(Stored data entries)
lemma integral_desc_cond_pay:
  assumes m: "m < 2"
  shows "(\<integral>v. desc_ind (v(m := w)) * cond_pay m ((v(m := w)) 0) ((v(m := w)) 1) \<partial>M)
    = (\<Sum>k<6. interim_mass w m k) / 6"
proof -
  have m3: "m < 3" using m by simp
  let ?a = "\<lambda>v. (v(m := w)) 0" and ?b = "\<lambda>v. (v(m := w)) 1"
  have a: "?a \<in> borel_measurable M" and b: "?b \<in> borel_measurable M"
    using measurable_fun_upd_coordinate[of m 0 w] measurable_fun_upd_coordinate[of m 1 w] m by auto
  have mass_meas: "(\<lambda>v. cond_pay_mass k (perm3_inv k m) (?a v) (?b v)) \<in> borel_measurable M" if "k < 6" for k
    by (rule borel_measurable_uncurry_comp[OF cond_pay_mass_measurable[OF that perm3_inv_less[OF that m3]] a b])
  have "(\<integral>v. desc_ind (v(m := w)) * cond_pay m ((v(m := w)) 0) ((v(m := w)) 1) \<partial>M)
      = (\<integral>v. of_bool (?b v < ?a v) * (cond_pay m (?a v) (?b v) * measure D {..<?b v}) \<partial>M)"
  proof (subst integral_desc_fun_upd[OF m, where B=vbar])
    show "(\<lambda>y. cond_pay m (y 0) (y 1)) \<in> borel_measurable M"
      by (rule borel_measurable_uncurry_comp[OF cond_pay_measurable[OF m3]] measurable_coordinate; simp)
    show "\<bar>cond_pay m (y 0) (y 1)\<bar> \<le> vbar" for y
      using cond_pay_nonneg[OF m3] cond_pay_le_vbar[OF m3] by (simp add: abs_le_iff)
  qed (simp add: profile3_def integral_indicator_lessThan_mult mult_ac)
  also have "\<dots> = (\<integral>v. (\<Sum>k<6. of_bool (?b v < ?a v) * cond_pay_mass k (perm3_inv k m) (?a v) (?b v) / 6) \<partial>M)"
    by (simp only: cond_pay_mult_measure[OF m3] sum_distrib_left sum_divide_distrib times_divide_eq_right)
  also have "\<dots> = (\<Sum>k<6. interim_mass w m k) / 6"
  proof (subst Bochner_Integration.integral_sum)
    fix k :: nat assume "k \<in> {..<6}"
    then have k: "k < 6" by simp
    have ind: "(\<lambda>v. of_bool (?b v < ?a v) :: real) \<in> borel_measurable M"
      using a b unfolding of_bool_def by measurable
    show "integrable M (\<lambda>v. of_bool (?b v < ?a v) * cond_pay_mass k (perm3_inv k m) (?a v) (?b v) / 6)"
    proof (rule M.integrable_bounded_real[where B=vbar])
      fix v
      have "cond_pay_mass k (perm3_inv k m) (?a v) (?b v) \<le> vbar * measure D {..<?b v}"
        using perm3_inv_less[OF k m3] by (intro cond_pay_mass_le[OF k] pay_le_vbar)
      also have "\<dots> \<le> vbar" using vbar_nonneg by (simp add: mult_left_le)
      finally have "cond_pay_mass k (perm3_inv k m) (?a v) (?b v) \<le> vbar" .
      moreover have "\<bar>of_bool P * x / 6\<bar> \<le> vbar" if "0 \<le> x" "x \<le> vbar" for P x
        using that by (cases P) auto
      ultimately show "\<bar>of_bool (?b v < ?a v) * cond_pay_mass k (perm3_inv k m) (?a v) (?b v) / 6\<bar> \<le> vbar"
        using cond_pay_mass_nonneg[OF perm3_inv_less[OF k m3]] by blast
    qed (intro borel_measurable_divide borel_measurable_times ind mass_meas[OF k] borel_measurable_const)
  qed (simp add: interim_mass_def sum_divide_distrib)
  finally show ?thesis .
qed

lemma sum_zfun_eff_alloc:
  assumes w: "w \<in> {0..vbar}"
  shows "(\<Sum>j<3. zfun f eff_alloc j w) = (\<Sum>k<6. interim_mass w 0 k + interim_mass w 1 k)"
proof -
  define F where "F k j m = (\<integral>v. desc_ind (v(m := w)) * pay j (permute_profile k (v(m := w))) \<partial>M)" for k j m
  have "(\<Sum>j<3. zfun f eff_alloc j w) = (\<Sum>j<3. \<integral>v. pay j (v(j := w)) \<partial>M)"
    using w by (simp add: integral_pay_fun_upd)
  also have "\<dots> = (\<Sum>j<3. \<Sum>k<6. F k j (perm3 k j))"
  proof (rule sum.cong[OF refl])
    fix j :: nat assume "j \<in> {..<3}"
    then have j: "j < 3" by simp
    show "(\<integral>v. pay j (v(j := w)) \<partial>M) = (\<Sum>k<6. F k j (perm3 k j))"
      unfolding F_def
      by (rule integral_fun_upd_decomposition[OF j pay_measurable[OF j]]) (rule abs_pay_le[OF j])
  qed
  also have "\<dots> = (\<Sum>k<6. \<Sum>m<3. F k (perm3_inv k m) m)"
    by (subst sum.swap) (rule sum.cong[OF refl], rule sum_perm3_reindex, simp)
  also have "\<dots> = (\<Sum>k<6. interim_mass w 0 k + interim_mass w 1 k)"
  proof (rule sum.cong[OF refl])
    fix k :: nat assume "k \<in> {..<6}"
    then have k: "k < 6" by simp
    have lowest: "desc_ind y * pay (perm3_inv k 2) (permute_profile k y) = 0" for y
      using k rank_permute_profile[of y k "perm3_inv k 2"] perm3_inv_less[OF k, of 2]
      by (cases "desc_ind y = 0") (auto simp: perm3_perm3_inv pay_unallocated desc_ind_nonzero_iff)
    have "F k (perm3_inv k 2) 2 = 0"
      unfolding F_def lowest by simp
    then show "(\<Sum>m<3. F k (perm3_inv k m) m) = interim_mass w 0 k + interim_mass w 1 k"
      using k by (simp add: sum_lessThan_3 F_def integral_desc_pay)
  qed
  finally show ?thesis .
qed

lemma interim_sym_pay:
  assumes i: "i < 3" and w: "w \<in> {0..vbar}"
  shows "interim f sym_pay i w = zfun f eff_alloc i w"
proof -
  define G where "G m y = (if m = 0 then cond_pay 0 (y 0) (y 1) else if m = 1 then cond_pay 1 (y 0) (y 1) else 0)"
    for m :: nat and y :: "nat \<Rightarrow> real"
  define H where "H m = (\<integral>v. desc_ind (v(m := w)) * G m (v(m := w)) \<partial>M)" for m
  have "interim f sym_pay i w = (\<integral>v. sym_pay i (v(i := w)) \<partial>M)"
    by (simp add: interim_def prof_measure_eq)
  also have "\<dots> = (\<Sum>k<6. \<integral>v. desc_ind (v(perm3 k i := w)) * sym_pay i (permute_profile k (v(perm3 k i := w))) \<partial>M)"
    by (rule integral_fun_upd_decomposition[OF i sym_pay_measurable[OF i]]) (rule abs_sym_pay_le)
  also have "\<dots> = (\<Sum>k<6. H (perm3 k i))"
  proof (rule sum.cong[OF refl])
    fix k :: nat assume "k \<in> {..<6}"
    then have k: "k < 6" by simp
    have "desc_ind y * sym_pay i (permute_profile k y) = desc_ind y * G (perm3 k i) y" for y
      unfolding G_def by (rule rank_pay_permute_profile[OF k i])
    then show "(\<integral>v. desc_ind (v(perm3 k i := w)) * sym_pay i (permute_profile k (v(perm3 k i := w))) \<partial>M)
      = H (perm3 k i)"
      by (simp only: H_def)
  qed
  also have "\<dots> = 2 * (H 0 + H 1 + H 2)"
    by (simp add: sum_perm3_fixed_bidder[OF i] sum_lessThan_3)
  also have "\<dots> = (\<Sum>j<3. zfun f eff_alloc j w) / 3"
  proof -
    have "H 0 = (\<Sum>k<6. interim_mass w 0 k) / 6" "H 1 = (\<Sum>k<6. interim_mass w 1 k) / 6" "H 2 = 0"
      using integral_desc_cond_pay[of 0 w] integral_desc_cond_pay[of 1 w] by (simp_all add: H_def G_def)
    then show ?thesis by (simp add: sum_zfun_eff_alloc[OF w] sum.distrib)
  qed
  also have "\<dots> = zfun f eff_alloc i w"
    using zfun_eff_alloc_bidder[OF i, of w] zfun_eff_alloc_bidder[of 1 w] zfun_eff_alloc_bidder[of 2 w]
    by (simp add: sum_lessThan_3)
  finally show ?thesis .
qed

--

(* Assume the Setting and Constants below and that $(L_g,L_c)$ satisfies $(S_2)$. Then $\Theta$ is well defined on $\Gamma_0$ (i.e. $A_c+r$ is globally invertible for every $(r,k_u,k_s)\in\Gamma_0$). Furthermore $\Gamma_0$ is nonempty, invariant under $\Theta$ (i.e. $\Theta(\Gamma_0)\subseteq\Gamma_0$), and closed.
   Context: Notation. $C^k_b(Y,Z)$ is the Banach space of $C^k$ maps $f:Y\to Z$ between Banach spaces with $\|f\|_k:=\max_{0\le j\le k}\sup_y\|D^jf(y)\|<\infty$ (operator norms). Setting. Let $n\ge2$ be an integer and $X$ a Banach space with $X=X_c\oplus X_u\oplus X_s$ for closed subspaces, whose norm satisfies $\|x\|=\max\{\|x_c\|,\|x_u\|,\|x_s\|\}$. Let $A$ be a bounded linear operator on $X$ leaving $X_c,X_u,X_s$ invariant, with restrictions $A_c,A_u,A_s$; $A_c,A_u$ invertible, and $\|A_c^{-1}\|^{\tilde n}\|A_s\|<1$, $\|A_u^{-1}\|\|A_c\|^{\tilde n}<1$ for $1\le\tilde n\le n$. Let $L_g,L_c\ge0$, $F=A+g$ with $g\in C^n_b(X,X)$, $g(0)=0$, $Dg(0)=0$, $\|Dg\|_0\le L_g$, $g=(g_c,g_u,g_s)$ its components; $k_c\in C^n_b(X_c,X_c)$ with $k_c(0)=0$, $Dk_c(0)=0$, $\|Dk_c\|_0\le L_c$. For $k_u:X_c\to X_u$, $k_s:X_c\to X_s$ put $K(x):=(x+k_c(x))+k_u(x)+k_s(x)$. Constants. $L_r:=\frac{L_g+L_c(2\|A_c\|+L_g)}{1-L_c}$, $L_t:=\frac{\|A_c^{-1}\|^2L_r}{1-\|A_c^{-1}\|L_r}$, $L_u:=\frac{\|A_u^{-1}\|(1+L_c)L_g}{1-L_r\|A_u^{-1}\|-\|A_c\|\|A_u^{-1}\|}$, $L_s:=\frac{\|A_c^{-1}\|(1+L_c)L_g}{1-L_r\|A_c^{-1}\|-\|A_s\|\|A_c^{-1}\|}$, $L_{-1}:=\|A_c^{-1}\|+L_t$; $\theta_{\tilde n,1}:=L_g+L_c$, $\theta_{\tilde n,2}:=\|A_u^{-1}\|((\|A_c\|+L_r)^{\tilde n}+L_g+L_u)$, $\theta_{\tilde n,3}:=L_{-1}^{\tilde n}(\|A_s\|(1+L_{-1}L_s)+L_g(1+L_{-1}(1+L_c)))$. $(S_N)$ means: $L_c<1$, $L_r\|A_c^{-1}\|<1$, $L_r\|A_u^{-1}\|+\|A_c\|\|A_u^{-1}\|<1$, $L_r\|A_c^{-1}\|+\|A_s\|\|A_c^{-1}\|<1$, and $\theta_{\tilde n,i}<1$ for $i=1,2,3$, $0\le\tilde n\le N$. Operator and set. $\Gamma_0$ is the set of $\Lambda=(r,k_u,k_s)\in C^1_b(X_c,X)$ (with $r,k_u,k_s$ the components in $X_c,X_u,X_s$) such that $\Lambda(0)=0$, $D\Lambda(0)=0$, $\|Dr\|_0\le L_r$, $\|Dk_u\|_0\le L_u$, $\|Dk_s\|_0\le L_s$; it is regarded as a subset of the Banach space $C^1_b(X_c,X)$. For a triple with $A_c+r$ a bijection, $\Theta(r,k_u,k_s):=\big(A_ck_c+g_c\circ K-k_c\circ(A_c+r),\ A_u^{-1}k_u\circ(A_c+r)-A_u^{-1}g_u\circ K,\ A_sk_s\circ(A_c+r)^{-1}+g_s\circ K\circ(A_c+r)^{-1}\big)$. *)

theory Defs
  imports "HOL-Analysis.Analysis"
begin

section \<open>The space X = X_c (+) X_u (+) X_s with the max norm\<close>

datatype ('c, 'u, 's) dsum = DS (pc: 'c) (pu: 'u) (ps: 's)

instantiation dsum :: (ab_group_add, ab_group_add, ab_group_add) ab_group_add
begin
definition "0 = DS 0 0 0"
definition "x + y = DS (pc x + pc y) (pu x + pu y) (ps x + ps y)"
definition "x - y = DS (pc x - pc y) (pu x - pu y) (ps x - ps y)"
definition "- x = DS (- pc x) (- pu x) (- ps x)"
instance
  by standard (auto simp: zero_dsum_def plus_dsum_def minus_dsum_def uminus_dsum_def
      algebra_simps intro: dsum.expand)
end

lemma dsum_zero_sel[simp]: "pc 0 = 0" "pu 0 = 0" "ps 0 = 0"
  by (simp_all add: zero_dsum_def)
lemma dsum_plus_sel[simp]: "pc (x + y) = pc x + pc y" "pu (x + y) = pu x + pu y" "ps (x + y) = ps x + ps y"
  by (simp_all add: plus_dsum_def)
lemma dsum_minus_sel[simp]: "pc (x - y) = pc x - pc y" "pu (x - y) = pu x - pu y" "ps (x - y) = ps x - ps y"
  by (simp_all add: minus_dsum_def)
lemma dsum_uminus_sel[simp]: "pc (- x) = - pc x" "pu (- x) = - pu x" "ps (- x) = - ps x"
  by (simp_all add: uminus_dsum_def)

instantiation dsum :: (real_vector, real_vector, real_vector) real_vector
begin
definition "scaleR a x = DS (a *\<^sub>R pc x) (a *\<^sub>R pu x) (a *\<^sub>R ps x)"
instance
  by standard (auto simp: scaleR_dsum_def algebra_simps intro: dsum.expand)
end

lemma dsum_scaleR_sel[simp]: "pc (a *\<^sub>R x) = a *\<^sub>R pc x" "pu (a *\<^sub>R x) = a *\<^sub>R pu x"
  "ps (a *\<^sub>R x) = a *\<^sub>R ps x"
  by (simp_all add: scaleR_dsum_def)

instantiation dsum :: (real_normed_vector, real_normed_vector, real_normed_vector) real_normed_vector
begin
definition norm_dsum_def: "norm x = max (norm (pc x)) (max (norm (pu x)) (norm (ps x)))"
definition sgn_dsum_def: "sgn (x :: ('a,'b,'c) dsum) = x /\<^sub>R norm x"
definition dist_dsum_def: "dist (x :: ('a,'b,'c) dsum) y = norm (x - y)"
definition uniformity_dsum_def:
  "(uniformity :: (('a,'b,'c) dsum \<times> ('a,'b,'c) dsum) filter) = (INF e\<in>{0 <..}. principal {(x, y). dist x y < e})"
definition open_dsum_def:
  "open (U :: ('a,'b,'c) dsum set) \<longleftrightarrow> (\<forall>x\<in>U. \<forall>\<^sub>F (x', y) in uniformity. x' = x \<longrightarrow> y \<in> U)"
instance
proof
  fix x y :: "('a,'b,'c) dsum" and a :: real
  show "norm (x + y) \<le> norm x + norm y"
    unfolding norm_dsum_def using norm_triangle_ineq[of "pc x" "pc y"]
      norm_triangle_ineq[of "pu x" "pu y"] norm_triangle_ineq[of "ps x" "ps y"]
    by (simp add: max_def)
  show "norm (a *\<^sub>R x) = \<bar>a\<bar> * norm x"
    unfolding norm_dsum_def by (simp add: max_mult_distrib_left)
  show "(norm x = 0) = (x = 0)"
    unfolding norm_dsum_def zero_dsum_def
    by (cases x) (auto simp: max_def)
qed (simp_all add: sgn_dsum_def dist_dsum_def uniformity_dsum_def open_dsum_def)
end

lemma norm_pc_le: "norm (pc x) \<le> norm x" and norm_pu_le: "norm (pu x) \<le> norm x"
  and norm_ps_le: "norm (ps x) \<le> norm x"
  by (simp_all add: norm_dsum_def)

[Your instructions] Using the entries above, find all lines with "unfolding". Copy them.

[Answer to this task]
      using a b unfolding of_bool_def by measurable
      unfolding F_def
      unfolding F_def lowest by simp
      unfolding G_def by (rule rank_pay_permute_profile[OF k i])
    unfolding norm_dsum_def using norm_triangle_ineq[of "pc x" "pc y"]
    unfolding norm_dsum_def by (simp add: max_mult_distrib_left)
    unfolding norm_dsum_def zero_dsum_def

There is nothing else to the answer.